Research Question

How do the textual features of spam SMS messages differ from legitimate (ham) messages, and how can these differences be used to improve automatic spam detection?

Spam messages are a common nuisance that can clutter users’ inboxes, waste time, and sometimes pose security risks through scams or phishing attempts. Understanding the language and emotional tone that characterize spam messages helps build better spam filters and protects users from unwanted or harmful content. By identifying clear patterns in the text, this analysis aims to contribute to more accurate and efficient spam detection systems, improving communication safety and user experience.

Executive Summary

This report analyzes the textual features that distinguish spam messages from legitimate (ham) SMS messages using the SMS Spam Collection dataset. The dataset contains 5,574 English text messages labeled as either spam or ham, sourced from multiple real-world collections. Our goal is to identify key linguistic and emotional differences that can help improve automatic spam detection.

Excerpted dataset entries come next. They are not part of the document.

(* Let $G$ be a SIN topological group, $\xi=(E\xrightarrow{p}X)$ a numerable principal $G$-bundle, $C$ an $X$-groupoid, $\mathcal G$ the gauge group of $\xi$ and $\mathcal R(C,\xi)$ the set of representations of $C$ on $\xi$. Then the right action $\mathcal R(C,\xi)\times\mathcal G\to\mathcal R(C,\xi)$, $(w,\chi)\mapsto w^\chi$, is uniformly continuous for the uniform structures $\mathbf U_{\mathcal R}$ on $\mathcal R(C,\xi)$ and $\mathbf U_{\mathcal G}$ on $\mathcal G$.
   Context: SIN: the identity has a fundamental system of conjugation-invariant neighbourhoods. $X$-groupoid: a space $C$ with continuous source/target $\alpha,\beta:C\to X$, continuous associative partial composition on $\{(c_1,c_2):\alpha(c_1)=\beta(c_2)\}$ with $\alpha(c_1c_2)=\alpha(c_2)$, $\beta(c_1c_2)=\beta(c_1)$, continuous units and continuous inversion exchanging source and target. A representation of $C$ on $\xi$ is a continuous $w:C\times_XE\to E$ (fiber product over $\alpha$, $p$) with $p(w(c,z))=\beta(c)$, $w(cd,z)=w(c,w(d,z))$, $w(c^{-1},w(c,z))=z$, $w(c,zg)=w(c,z)g$. Gauge group $\mathcal G$: $G$-equivariant homeomorphisms $\chi$ of $E$ with $p\chi=p$; action $w^\chi(c,z)=\chi^{-1}(w(c,\chi(z)))$. Let $\gamma:E\times_XE\to G$ be defined by $y=z\gamma(y,z)$ and $\mathcal V_G$ the set of open symmetric neighbourhoods of $e$ in $G$. $\mathbf U_{\mathcal G}$ has fundamental entourages $\{(\chi,\tilde\chi):\gamma(\chi(z),\tilde\chi(z))\in V\ \forall z\in p^{-1}(K)\}$ ($K\subset X$ compact, $V\in\mathcal V_G$). $\mathbf U_{\mathcal R}$ has fundamental entourages $\mathcal O^{\mathcal R}(L,V)=\{(w,\tilde w):\gamma(w(c,z),\tilde w(c,z))\in V\ \forall(c,z)\in L\times_XE\}$ ($L\subset C$ compact, $V\in\mathcal V_G$). The product carries the product uniform structure. *)

theory Defs
  imports "HOL-Analysis.Analysis" "HOL-Algebra.Group"
begin

definition topological_group :: "'g monoid \<Rightarrow> 'g topology \<Rightarrow> bool" where
  "topological_group G TG \<longleftrightarrow> group G \<and> topspace TG = carrier G \<and>
     continuous_map (prod_topology TG TG) TG (\<lambda>(x, y). x \<otimes>\<^bsub>G\<^esub> y) \<and>
     continuous_map TG TG (\<lambda>x. inv\<^bsub>G\<^esub> x)"

definition SIN_group :: "'g monoid \<Rightarrow> 'g topology \<Rightarrow> bool" where
  "SIN_group G TG \<longleftrightarrow> topological_group G TG \<and>
     (\<forall>U. openin TG U \<and> \<one>\<^bsub>G\<^esub> \<in> U \<longrightarrow>
        (\<exists>N. N \<subseteq> U \<and> \<one>\<^bsub>G\<^esub> \<in> TG interior_of N \<and>
             (\<forall>g\<in>carrier G. \<forall>n\<in>N. g \<otimes>\<^bsub>G\<^esub> n \<otimes>\<^bsub>G\<^esub> inv\<^bsub>G\<^esub> g \<in> N)))"

definition sym_nhds :: "'g monoid \<Rightarrow> 'g topology \<Rightarrow> 'g set set" where
  "sym_nhds G TG = {V. openin TG V \<and> \<one>\<^bsub>G\<^esub> \<in> V \<and> (\<forall>g\<in>V. inv\<^bsub>G\<^esub> g \<in> V)}"

text \<open>\<open>act z g\<close> is the right action \<open>z g\<close> of \<open>G\<close> on \<open>E\<close>.\<close>
definition trivializing_open ::
  "'g monoid \<Rightarrow> 'g topology \<Rightarrow> 'x topology \<Rightarrow> 'e topology \<Rightarrow> ('e \<Rightarrow> 'x)
     \<Rightarrow> ('e \<Rightarrow> 'g \<Rightarrow> 'e) \<Rightarrow> 'x set \<Rightarrow> bool" where
  "trivializing_open G TG TX TE p act U \<longleftrightarrow> openin TX U \<and>
     (\<exists>\<phi>. homeomorphic_map (subtopology TE {z \<in> topspace TE. p z \<in> U})
                            (prod_topology (subtopology TX U) TG) \<phi> \<and>
          (\<forall>z \<in> topspace TE. p z \<in> U \<longrightarrow>
             fst (\<phi> z) = p z \<and>
             (\<forall>g\<in>carrier G. \<phi> (act z g) = (fst (\<phi> z), snd (\<phi> z) \<otimes>\<^bsub>G\<^esub> g))))"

We apply several text analysis methods including word frequency analysis, term frequency-inverse document frequency (tf-idf), and sentiment analysis. The word frequency analysis reveals the most common words used in spam and ham messages, highlighting distinct vocabularies between the two categories. The tf-idf method helps identify words that are important and unique to each group. Sentiment analysis uncovers emotional tones, showing that spam messages often carry stronger emotional cues, such as urgency or excitement.

The results demonstrate clear patterns that separate spam from legitimate messages. Spam texts tend to contain promotional language, repetitive words, and certain keywords like “free,” “win,” or “call.” Legitimate messages show more personal and conversational language. These insights can be leveraged to develop more effective spam filters and message classification algorithms, ultimately reducing unwanted messages and improving user experience.

This report includes detailed data exploration, visualizations, and code to ensure full reproducibility. The findings contribute to understanding the nature of spam messages and provide practical tools for detecting them in real-world applications.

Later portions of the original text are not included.